US AI Firewall to China: The Fig Leaf of Its Failed Containment Policy

How Washington's AI protectionism could backfire as Beijing charges ahead with transparent Large Language Mode development.

May 27, 2024

Linwen

Editor-in-Chief, The China Academy

Click Register

Try Premium Member

for Free with a 7-Day Trial

Click Register

Try Premium Member for Free with a 7-Day Trial

As the Sino-US tech war unfolds, the US is considering measures to regulate the export of open-source Large Language Models (LLMs) as part of a broader effort to safeguard American AI technology from being accessed by countries like China and Russia.

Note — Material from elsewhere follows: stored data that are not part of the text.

(* Let $M$ be a completely regular Hausdorff space. Then the Stone–Čech compactification $\beta M$ of $M$ is homeomorphic to the Gelfand spectrum of the abelian $C^\ast$-algebra $C^{pt}(\mathcal{Q}(\mathcal{T}(M)))$. If, in particular, $M$ is discrete, then $\beta M$ is homeomorphic to $\mathcal{Q}(\mathcal{T}(M))$.
   Context: $\mathcal{T}(M)$ is the lattice of open subsets of $M$. A quasipoint of $\mathcal{T}(M)$ is a maximal dual ideal (maximal nonempty family of open sets not containing $\emptyset$, upward closed and closed under finite intersections); $\mathcal{Q}(\mathcal{T}(M))$ is the set of quasipoints with topology having base $\{\mathfrak{B}\mid U\in\mathfrak{B}\}$, $U\in\mathcal{T}(M)$. $\mathfrak{B}$ is over $x\in M$ if $x\in\bigcap_{U\in\mathfrak{B}}\overline{U}$ (at most one such $x$ since $M$ is Hausdorff); $\mathcal{Q}^{pt}(\mathcal{T}(M))$ is the set of quasipoints over some point, and $pt:\mathcal{Q}^{pt}(\mathcal{T}(M))\to M$ sends a quasipoint over $x$ to $x$. $C^{pt}(\mathcal{Q}(\mathcal{T}(M)))$ is the $C^\ast$-algebra of continuous functions $\mathcal{Q}(\mathcal{T}(M))\to\mathbb{C}$ that are constant on each fibre of $pt$. *)

theory Defs
  imports "HOL-Analysis.Analysis"
begin

definition dual_ideal :: "'a topology \<Rightarrow> 'a set set \<Rightarrow> bool" where
  "dual_ideal M B \<longleftrightarrow>
     B \<noteq> {} \<and> (\<forall>U\<in>B. openin M U) \<and> {} \<notin> B \<and>
     (\<forall>U V. U \<in> B \<and> openin M V \<and> U \<subseteq> V \<longrightarrow> V \<in> B) \<and>
     (\<forall>U V. U \<in> B \<and> V \<in> B \<longrightarrow> U \<inter> V \<in> B)"

definition quasipoint :: "'a topology \<Rightarrow> 'a set set \<Rightarrow> bool" where
  "quasipoint M B \<longleftrightarrow> dual_ideal M B \<and> (\<forall>C. dual_ideal M C \<and> B \<subseteq> C \<longrightarrow> C = B)"

definition quasipoint_space :: "'a topology \<Rightarrow> 'a set set topology" where
  "quasipoint_space M =
     topology_generated_by {{B. quasipoint M B \<and> U \<in> B} | U. openin M U}"

definition quasipoint_over :: "'a topology \<Rightarrow> 'a set set \<Rightarrow> 'a \<Rightarrow> bool" where
  "quasipoint_over M B x \<longleftrightarrow> quasipoint M B \<and> x \<in> topspace M \<and> (\<forall>U\<in>B. x \<in> M closure_of U)"

text \<open>C^pt(Q(T(M))): continuous complex functions on Q(T(M)) constant on the fibres of pt.
  Functions are normalised to be 0 outside the space so that equality of functions is
  equality as elements of the algebra.\<close>
definition Cpt :: "'a topology \<Rightarrow> ('a set set \<Rightarrow> complex) set" where
  "Cpt M = {f. continuous_map (quasipoint_space M) euclidean f \<and>
               (\<forall>B. B \<notin> topspace (quasipoint_space M) \<longrightarrow> f B = 0) \<and>
               (\<forall>x B1 B2. quasipoint_over M B1 x \<and> quasipoint_over M B2 x \<longrightarrow> f B1 = f B2)}"

definition character :: "('b \<Rightarrow> complex) set \<Rightarrow> (('b \<Rightarrow> complex) \<Rightarrow> complex) \<Rightarrow> bool" where
  "character A \<phi> \<longleftrightarrow> \<phi> \<in> extensional A \<and>
     (\<forall>f\<in>A. \<forall>g\<in>A. \<phi> (\<lambda>x. f x + g x) = \<phi> f + \<phi> g) \<and>
     (\<forall>f\<in>A. \<forall>c. \<phi> (\<lambda>x. c * f x) = c * \<phi> f) \<and>
     (\<forall>f\<in>A. \<forall>g\<in>A. \<phi> (\<lambda>x. f x * g x) = \<phi> f * \<phi> g) \<and>
     (\<exists>f\<in>A. \<phi> f \<noteq> 0)"

definition gelfand_spectrum :: "('b \<Rightarrow> complex) set \<Rightarrow> (('b \<Rightarrow> complex) \<Rightarrow> complex) topology" where
  "gelfand_spectrum A =
     subtopology (product_topology (\<lambda>_. euclidean) A) {\<phi>. character A \<phi>}"

definition stone_cech :: "'a topology \<Rightarrow> 'b topology \<Rightarrow> ('a \<Rightarrow> 'b) \<Rightarrow> bool" where
  "stone_cech M Y e \<longleftrightarrow>
     compact_space Y \<and> Hausdorff_space Y \<and> embedding_map M Y e \<and>
     Y closure_of (e ` topspace M) = topspace Y \<and>
     (\<forall>f. continuous_map M euclideanreal f \<and> bounded (f ` topspace M) \<longrightarrow>
        (\<exists>g. continuous_map Y euclideanreal g \<and> (\<forall>x\<in>topspace M. g (e x) = f x)))"

end

(*
  A quasipoint B is a maximal filter of open sets of M. Pushed forward along the
  Stone-Cech embedding e : M -> Y, it has exactly one cluster point limit_point B, by
  compactness and Hausdorffness of Y, and limit_point is a continuous surjection of the
  compact space Q(T(M)) onto Y that sends quasipoints over x to e x. A function f in C^pt
  is constant on the fibres of pt, so it descends to a bounded continuous function on M;
  its extension g to Y satisfies f = g o limit_point, since both sides are continuous and
  agree on the dense set of quasipoints over points of M. Hence evaluating f at any
  quasipoint over y is well defined and gives a continuous injection of Y into the Gelfand
  spectrum. It is onto because every character of C^pt is a point evaluation: otherwise
  compactness produces an invertible element of its kernel. For discrete M, two distinct
  quasipoints contain disjoint sets U and V, and the extension of the indicator of U
  separates their limit points, so limit_point itself is a homeomorphism.
*)

theory Submission
  imports Defs
begin

lemma continuous_map_mult [continuous_intros]:
  fixes f g :: "'a \<Rightarrow> 'b::real_normed_algebra"
  shows "continuous_map X euclidean f \<Longrightarrow> continuous_map X euclidean g \<Longrightarrow>
    continuous_map X euclidean (\<lambda>x. f x * g x)"
  by (simp add: continuous_map_atin tendsto_mult)

lemma continuous_map_inverse [continuous_intros]:
  fixes f :: "'a \<Rightarrow> 'b::real_normed_div_algebra"
  shows "continuous_map X euclidean f \<Longrightarrow> (\<And>x. x \<in> topspace X \<Longrightarrow> f x \<noteq> 0) \<Longrightarrow>
    continuous_map X euclidean (\<lambda>x. inverse (f x))"
  by (simp add: continuous_map_atin tendsto_inverse)

lemma continuous_map_cnj [continuous_intros]:
  "continuous_map X euclidean f \<Longrightarrow> continuous_map X euclidean (\<lambda>x. cnj (f x))"
  by (simp add: continuous_map_atin tendsto_cnj)

lemma continuous_map_Re [continuous_intros]:
  "continuous_map X euclidean f \<Longrightarrow> continuous_map X euclideanreal (\<lambda>x. Re (f x))"
  by (simp add: continuous_map_atin tendsto_Re)

lemma continuous_map_Im [continuous_intros]:
  "continuous_map X euclidean f \<Longrightarrow> continuous_map X euclideanreal (\<lambda>x. Im (f x))"
  by (simp add: continuous_map_atin tendsto_Im)

lemma continuous_map_Complex [continuous_intros]:
  "continuous_map X euclideanreal f \<Longrightarrow> continuous_map X euclideanreal g \<Longrightarrow>
    continuous_map X euclidean (\<lambda>x. Complex (f x) (g x))"
  by (simp add: continuous_map_atin tendsto_Complex)

lemma continuous_map_of_real [continuous_intros]:
  "continuous_map X euclideanreal f \<Longrightarrow> continuous_map X euclidean (\<lambda>x. of_real (f x) :: 'b::real_normed_algebra_1)"
  by (simp add: continuous_map_atin tendsto_of_real)

section \<open>Quasipoints\<close>

lemma quasipoint_dual_ideal: "quasipoint M B \<Longrightarrow> dual_ideal M B"
  unfolding quasipoint_def by blast

lemma dual_ideal_openin: "dual_ideal M B \<Longrightarrow> U \<in> B \<Longrightarrow> openin M U"
  unfolding dual_ideal_def by blast

lemma dual_ideal_nonempty: "dual_ideal M B \<Longrightarrow> U \<in> B \<Longrightarrow> U \<noteq> {}"
  unfolding dual_ideal_def by blast

lemma dual_ideal_Int: "dual_ideal M B \<Longrightarrow> U \<in> B \<Longrightarrow> V \<in> B \<Longrightarrow> U \<inter> V \<in> B"
  unfolding dual_ideal_def by blast

lemma dual_ideal_mono: "dual_ideal M B \<Longrightarrow> U \<in> B \<Longrightarrow> openin M V \<Longrightarrow> U \<subseteq> V \<Longrightarrow> V \<in> B"
  unfolding dual_ideal_def by blast

lemma dual_ideal_topspace: "dual_ideal M B \<Longrightarrow> topspace M \<in> B"
  unfolding dual_ideal_def by (metis all_not_in_conv openin_subset openin_topspace)

lemma dual_ideal_Int_Inter:
  assumes B: "dual_ideal M B" and "finite G" "G \<subseteq> B"
  shows "topspace M \<inter> \<Inter>G \<in> B"
  using assms(2,3)
proof (induction G rule: finite_induct)
  case empty
  then show ?case
    using dual_ideal_topspace[OF B] by simp
next
  case (insert U G)
  then have "U \<inter> (topspace M \<inter> \<Inter>G) \<in> B"
    using dual_ideal_Int[OF B] by simp
  moreover have "U \<inter> (topspace M \<inter> \<Inter>G) = topspace M \<inter> \<Inter>(insert U G)"
    by auto
  ultimately show ?case
    by simp
qed

lemma dual_ideal_upward_closure:
  assumes "S \<noteq> {}" "\<forall>W\<in>S. openin M W" "{} \<notin> S" "\<forall>U\<in>S. \<forall>V\<in>S. U \<inter> V \<in> S"
  shows "dual_ideal M {V. openin M V \<and> (\<exists>W\<in>S. W \<subseteq> V)}" (is "dual_ideal M ?D")
  unfolding dual_ideal_def
proof (intro conjI allI impI ballI)
  show "?D \<noteq> {}"
    using assms(1,2) by blast
  show "{} \<notin> ?D"
    using assms(3) by auto
  fix U V assume "U \<in> ?D \<and> V \<in> ?D"
  then obtain W1 W2 where "W1 \<in> S" "W1 \<subseteq> U" "W2 \<in> S" "W2 \<subseteq> V" "openin M U" "openin M V"
    by blast
  then show "U \<inter> V \<in> ?D"
    using assms(4) by (intro CollectI conjI openin_Int bexI[of _ "W1 \<inter> W2"]) auto
qed auto

lemma dual_ideal_Union_chain:
  assumes "\<C> \<noteq> {}" "subset.chain {D. dual_ideal M D} \<C>"
  shows "dual_ideal M (\<Union>\<C>)"
proof -
  have ideals: "\<And>D. D \<in> \<C> \<Longrightarrow> dual_ideal M D" and chain: "\<And>D E. D \<in> \<C> \<Longrightarrow> E \<in> \<C> \<Longrightarrow> D \<subseteq> E \<or> E \<subseteq> D"
    using assms(2) unfolding subset.chain_def by auto
  have "U \<inter> V \<in> \<Union>\<C>" if UV: "U \<in> \<Union>\<C>" "V \<in> \<Union>\<C>" for U V
  proof -
    obtain D E where "D \<in> \<C>" "E \<in> \<C>" "U \<in> D" "V \<in> E"
      using UV by blast
    with chain[of D E] show ?thesis
      by (metis UnionI dual_ideal_Int ideals subsetD)
  qed
  moreover have "\<Union>\<C> \<noteq> {}"
  proof -
    obtain D where "D \<in> \<C>"
      using assms(1) by blast
    then have "topspace M \<in> \<Union>\<C>"
      using ideals dual_ideal_topspace by blast
    then show ?thesis
      by blast
  qed
  moreover have "V \<in> \<Union>\<C>" if "U \<in> \<Union>\<C>" "openin M V" "U \<subseteq> V" for U V
    using that ideals dual_ideal_mono by (metis UnionE UnionI)
  moreover have "\<forall>U\<in>\<Union>\<C>. openin M U" "{} \<notin> \<Union>\<C>"
    using ideals dual_ideal_openin dual_ideal_nonempty by blast+
  ultimately show ?thesis
    unfolding dual_ideal_def by blast
qed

The proposed bill, known as the Enhancing National Frameworks for Overseas Restriction of Critical Exports (ENFORCE) Act, aims to grant the White House the authority to restrict the export of AI models deemed a national security threat to China.

How would such a ban on open-source LLMs export affect China’s AI development? Or is it just the all so familiar much-ado-about-nothing drama from US politicians?

To answer this, we need to first take a closer look at Chinese LLMs. For that, we don’t even have to sift through the myriad AI-related content on the Chinese internet.

AI experts in Silicon Valley are well aware (much better informed than those in Capitol, certainly) of what their Chinese colleagues have been working on. In a post on X, Tanishq Mathew Abraham, head of research at Stability AI, observes that many of the most competitive open-source large models, including Qwen, Yi, InternLM, Deepseek, BGE, CogVLM and other models, are actually from China. And he goes further and concludes that the narrative that China is behind on AI is simply not true.

Mr. Abraham is definitely not alone in expressing the enthusiasm surrounding the remarkable performance of Chinese LLMs. In another X post, Liquid AI’s Senior Scientist for Machine Learning Maxime Labonne weighs in and shares his excitement on the high score of Qwen 1.5-110B of Alibaba.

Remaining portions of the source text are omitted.